- [ABOUT THIS TASK]:
Below are lines of data, and only some are wanted. Please repeat exactly those from the line that has "text \<open>The classical" through the line that has "realised gain is".
━━━━━ DATA SUPPLIED
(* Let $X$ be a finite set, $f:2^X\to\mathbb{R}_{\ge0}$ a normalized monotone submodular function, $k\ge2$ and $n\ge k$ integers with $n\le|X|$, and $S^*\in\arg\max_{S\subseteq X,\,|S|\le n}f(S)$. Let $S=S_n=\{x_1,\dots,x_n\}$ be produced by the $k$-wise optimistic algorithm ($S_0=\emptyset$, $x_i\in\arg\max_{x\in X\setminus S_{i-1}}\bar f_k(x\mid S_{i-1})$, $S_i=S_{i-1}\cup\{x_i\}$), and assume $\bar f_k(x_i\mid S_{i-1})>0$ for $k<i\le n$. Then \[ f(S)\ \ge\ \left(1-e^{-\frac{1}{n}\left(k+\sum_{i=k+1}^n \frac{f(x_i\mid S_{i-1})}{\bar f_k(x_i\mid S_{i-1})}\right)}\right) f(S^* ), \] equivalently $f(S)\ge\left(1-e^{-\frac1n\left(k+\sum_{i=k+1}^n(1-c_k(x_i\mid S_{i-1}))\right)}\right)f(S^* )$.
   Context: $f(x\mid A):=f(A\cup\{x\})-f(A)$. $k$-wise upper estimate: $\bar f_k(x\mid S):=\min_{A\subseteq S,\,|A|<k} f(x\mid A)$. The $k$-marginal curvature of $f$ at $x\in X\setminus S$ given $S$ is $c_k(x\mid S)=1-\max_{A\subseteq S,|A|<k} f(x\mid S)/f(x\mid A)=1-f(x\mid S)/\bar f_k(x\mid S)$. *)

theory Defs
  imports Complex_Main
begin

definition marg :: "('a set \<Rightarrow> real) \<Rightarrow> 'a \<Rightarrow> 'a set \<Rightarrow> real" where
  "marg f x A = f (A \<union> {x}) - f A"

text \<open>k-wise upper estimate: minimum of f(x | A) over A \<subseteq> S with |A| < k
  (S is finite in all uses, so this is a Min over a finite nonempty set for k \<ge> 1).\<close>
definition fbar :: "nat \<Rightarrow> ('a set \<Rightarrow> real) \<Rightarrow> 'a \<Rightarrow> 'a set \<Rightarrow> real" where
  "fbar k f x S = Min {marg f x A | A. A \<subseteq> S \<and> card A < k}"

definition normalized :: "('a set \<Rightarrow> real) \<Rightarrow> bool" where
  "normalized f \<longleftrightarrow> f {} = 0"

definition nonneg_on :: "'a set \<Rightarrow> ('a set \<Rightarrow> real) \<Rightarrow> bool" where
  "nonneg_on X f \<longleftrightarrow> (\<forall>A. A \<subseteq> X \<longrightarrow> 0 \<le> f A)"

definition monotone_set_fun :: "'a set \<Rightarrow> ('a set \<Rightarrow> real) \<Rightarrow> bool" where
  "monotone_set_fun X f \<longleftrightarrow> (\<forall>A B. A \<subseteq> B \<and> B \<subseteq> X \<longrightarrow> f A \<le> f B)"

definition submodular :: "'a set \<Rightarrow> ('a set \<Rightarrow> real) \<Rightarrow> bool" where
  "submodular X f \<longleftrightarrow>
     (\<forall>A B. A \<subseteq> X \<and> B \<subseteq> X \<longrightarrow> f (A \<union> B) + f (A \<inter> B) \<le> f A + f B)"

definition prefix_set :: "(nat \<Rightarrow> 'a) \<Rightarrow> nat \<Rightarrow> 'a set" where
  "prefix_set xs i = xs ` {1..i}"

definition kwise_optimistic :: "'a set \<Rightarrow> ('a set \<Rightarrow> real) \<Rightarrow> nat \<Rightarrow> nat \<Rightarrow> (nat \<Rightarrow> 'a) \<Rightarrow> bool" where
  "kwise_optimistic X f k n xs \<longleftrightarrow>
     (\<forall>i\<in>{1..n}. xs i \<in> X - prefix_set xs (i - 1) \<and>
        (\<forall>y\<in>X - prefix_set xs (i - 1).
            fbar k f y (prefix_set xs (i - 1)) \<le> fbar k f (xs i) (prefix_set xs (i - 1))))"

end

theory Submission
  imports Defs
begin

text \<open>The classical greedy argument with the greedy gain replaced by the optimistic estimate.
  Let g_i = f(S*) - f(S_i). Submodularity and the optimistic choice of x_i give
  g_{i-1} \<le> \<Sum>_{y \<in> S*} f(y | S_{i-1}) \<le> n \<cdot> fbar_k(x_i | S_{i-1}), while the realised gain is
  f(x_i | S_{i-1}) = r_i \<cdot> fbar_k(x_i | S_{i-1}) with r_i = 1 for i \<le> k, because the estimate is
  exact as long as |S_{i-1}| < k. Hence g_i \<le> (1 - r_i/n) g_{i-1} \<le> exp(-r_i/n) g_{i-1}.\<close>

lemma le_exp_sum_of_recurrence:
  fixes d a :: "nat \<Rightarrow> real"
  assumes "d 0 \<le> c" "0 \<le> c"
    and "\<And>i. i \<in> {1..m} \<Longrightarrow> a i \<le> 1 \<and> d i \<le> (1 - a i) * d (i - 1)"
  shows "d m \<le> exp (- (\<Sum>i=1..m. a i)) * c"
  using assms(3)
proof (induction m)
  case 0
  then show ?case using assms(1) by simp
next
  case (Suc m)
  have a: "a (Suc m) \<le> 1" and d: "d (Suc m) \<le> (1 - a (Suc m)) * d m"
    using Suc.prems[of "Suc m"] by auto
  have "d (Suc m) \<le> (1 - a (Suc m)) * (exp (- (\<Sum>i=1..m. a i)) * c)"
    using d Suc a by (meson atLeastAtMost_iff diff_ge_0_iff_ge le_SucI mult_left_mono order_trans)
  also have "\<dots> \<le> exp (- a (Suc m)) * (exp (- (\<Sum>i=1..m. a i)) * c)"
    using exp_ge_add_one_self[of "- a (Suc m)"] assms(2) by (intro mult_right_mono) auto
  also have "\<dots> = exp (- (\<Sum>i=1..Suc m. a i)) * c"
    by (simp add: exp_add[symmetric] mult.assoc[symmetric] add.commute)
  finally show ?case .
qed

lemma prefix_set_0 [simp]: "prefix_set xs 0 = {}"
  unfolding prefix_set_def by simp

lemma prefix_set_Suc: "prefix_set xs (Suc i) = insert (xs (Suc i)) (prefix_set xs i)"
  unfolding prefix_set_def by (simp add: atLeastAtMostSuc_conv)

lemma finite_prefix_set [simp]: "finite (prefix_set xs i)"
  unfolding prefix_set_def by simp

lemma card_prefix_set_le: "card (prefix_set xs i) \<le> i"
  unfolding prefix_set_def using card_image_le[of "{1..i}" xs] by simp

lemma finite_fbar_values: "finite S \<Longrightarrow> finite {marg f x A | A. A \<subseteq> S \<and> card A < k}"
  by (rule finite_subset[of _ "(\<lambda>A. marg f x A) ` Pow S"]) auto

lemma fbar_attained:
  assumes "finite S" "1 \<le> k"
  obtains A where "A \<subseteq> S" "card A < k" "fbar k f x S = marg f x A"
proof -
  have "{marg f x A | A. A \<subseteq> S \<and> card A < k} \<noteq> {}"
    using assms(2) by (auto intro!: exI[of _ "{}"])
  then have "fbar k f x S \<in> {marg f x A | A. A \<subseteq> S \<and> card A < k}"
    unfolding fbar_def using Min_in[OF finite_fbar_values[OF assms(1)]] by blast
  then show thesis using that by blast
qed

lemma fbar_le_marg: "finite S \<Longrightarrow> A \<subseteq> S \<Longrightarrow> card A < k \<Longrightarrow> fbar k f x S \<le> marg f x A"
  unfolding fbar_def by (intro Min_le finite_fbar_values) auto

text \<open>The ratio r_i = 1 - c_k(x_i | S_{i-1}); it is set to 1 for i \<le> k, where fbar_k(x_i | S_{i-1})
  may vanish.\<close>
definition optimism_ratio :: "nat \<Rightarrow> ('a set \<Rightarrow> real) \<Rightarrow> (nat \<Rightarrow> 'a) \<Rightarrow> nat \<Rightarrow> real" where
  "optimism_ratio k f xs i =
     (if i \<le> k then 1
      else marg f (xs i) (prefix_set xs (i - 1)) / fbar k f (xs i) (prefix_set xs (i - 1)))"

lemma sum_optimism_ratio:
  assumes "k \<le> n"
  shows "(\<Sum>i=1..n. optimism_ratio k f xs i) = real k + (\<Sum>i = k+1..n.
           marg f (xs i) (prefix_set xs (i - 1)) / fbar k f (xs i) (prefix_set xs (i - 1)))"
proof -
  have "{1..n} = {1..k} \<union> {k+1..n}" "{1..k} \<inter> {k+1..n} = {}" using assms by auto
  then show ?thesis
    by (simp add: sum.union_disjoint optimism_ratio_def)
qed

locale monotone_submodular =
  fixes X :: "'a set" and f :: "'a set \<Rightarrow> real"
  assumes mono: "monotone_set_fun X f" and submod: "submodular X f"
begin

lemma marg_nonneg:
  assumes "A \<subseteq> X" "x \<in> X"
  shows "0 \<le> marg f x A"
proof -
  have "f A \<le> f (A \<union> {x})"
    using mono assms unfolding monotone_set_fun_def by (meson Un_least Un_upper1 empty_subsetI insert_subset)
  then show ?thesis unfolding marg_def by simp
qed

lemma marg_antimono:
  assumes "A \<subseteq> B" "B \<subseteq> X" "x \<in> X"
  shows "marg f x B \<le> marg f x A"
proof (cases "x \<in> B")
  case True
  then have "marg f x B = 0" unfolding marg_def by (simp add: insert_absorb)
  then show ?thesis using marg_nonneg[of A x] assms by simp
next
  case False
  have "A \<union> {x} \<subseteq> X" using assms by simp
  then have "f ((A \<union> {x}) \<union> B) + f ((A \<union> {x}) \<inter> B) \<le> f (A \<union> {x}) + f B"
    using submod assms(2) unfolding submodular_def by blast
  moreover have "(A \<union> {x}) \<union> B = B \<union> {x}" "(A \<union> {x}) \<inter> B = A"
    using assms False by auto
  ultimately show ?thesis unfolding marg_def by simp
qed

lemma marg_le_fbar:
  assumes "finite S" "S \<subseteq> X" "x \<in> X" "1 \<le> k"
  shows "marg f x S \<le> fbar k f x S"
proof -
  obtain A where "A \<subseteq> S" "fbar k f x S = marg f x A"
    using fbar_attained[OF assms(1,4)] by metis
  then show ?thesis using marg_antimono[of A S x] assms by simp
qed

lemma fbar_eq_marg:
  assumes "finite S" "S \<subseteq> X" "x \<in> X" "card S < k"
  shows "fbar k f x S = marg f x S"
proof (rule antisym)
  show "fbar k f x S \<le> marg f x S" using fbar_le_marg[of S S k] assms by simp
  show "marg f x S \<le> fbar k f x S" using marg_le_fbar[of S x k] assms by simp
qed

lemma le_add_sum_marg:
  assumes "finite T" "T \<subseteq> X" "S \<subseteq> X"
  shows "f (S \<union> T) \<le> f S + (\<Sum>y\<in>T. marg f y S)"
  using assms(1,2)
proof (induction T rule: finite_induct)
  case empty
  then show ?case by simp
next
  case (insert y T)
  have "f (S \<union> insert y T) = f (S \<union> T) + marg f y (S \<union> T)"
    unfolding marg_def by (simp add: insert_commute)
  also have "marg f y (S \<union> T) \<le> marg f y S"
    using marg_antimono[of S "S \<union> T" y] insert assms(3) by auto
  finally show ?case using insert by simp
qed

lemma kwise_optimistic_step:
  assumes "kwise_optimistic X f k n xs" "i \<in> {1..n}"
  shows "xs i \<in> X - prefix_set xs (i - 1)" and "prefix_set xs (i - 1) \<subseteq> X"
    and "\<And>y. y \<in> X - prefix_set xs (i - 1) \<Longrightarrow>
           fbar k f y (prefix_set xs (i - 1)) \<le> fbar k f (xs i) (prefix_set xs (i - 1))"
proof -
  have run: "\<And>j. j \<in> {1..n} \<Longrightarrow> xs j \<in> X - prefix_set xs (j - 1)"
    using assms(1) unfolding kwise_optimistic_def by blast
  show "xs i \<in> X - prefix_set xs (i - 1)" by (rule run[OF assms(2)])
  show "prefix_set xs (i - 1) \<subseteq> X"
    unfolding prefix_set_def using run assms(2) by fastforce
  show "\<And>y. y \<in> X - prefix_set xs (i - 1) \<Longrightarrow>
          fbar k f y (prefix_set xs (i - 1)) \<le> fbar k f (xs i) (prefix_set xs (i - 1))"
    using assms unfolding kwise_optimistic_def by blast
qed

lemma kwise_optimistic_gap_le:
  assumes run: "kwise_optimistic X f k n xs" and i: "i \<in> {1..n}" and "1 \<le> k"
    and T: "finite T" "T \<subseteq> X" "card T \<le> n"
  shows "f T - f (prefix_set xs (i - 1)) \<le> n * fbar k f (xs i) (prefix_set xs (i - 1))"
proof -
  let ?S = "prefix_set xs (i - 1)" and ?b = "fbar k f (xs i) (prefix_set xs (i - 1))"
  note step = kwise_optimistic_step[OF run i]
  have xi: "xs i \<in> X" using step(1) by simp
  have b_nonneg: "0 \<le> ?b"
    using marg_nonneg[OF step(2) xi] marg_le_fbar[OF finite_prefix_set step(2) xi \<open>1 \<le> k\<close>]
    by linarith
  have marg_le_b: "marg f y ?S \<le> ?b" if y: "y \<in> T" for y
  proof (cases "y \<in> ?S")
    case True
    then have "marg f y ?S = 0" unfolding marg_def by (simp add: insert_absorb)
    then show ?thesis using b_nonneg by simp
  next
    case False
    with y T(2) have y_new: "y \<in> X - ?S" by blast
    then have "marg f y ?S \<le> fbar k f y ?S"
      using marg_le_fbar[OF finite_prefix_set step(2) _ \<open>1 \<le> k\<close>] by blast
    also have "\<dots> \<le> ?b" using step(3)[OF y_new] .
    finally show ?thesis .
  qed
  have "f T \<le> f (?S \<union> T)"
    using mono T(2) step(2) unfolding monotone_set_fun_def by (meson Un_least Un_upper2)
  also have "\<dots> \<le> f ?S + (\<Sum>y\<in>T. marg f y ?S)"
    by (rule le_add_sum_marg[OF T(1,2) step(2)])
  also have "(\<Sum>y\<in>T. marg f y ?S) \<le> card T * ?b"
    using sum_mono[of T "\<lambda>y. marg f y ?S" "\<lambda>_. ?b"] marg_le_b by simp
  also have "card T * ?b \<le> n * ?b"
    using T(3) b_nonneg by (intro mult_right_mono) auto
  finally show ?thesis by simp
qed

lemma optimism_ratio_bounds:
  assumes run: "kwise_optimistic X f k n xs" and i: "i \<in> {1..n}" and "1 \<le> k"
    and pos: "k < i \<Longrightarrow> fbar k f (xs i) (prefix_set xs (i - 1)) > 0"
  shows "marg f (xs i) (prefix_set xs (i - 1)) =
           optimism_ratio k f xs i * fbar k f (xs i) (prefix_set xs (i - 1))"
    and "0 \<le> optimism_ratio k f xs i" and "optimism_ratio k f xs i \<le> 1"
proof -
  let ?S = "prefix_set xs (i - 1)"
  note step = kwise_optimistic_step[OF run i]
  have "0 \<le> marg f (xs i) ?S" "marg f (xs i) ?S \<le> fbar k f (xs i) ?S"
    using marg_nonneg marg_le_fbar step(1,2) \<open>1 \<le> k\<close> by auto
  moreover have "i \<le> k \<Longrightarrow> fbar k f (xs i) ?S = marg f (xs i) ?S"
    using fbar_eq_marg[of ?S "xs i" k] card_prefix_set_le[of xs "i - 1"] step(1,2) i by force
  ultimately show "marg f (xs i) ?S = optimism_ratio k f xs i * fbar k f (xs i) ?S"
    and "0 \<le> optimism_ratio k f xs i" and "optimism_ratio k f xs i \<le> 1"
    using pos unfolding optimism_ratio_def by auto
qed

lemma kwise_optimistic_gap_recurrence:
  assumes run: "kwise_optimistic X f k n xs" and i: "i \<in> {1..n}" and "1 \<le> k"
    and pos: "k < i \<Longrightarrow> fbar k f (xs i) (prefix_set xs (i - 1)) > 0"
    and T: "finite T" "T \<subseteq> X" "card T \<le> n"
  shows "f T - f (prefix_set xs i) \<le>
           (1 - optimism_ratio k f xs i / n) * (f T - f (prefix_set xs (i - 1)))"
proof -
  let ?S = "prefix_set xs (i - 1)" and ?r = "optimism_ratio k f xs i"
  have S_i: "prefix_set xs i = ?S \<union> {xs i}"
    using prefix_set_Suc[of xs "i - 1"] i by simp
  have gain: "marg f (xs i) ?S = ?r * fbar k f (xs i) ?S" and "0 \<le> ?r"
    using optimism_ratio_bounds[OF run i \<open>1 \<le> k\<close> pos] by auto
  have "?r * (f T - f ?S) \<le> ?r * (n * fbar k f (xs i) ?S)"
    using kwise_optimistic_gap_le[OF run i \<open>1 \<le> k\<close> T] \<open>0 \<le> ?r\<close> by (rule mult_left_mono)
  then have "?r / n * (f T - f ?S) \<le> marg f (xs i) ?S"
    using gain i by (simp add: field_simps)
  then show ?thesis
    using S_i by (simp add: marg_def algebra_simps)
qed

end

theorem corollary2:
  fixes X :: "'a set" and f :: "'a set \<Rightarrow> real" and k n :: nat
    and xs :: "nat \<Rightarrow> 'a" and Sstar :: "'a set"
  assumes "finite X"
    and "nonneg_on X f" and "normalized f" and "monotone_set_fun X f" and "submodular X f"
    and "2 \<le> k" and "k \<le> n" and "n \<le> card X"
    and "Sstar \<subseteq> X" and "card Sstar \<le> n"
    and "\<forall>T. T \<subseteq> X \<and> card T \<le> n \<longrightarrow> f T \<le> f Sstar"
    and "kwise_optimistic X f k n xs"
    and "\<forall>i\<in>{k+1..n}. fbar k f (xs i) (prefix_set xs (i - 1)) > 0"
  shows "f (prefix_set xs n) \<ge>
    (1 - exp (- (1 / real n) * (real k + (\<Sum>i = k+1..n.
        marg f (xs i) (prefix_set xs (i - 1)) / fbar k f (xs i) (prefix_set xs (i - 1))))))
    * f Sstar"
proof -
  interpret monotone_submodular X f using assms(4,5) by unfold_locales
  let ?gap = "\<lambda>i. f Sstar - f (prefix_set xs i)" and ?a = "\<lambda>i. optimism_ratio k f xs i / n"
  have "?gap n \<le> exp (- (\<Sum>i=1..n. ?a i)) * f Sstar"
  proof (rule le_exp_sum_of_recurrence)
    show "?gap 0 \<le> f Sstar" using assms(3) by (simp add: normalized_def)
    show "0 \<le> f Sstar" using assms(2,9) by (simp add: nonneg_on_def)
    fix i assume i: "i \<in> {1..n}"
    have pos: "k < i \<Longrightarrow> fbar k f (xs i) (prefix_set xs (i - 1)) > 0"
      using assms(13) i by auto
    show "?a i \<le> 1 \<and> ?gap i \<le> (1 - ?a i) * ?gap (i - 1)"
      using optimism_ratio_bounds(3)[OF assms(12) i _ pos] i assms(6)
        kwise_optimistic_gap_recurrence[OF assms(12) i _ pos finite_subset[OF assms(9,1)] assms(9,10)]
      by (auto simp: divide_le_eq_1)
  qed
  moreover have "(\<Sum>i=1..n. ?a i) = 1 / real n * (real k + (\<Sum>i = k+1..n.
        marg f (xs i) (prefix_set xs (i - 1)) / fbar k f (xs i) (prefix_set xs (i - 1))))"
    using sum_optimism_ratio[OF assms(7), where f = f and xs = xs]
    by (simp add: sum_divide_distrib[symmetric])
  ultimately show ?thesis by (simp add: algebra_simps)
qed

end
━━━━━━━━━━
- [YOUR RESPONSE]:
text \<open>The classical greedy argument with the greedy gain replaced by the optimistic estimate.
  Let g_i = f(S*) - f(S_i). Submodularity and the optimistic choice of x_i give
  g_{i-1} \<le> \<Sum>_{y \<in> S*} f(y | S_{i-1}) \<le> n \<cdot> fbar_k(x_i | S_{i-1}), while the realised gain is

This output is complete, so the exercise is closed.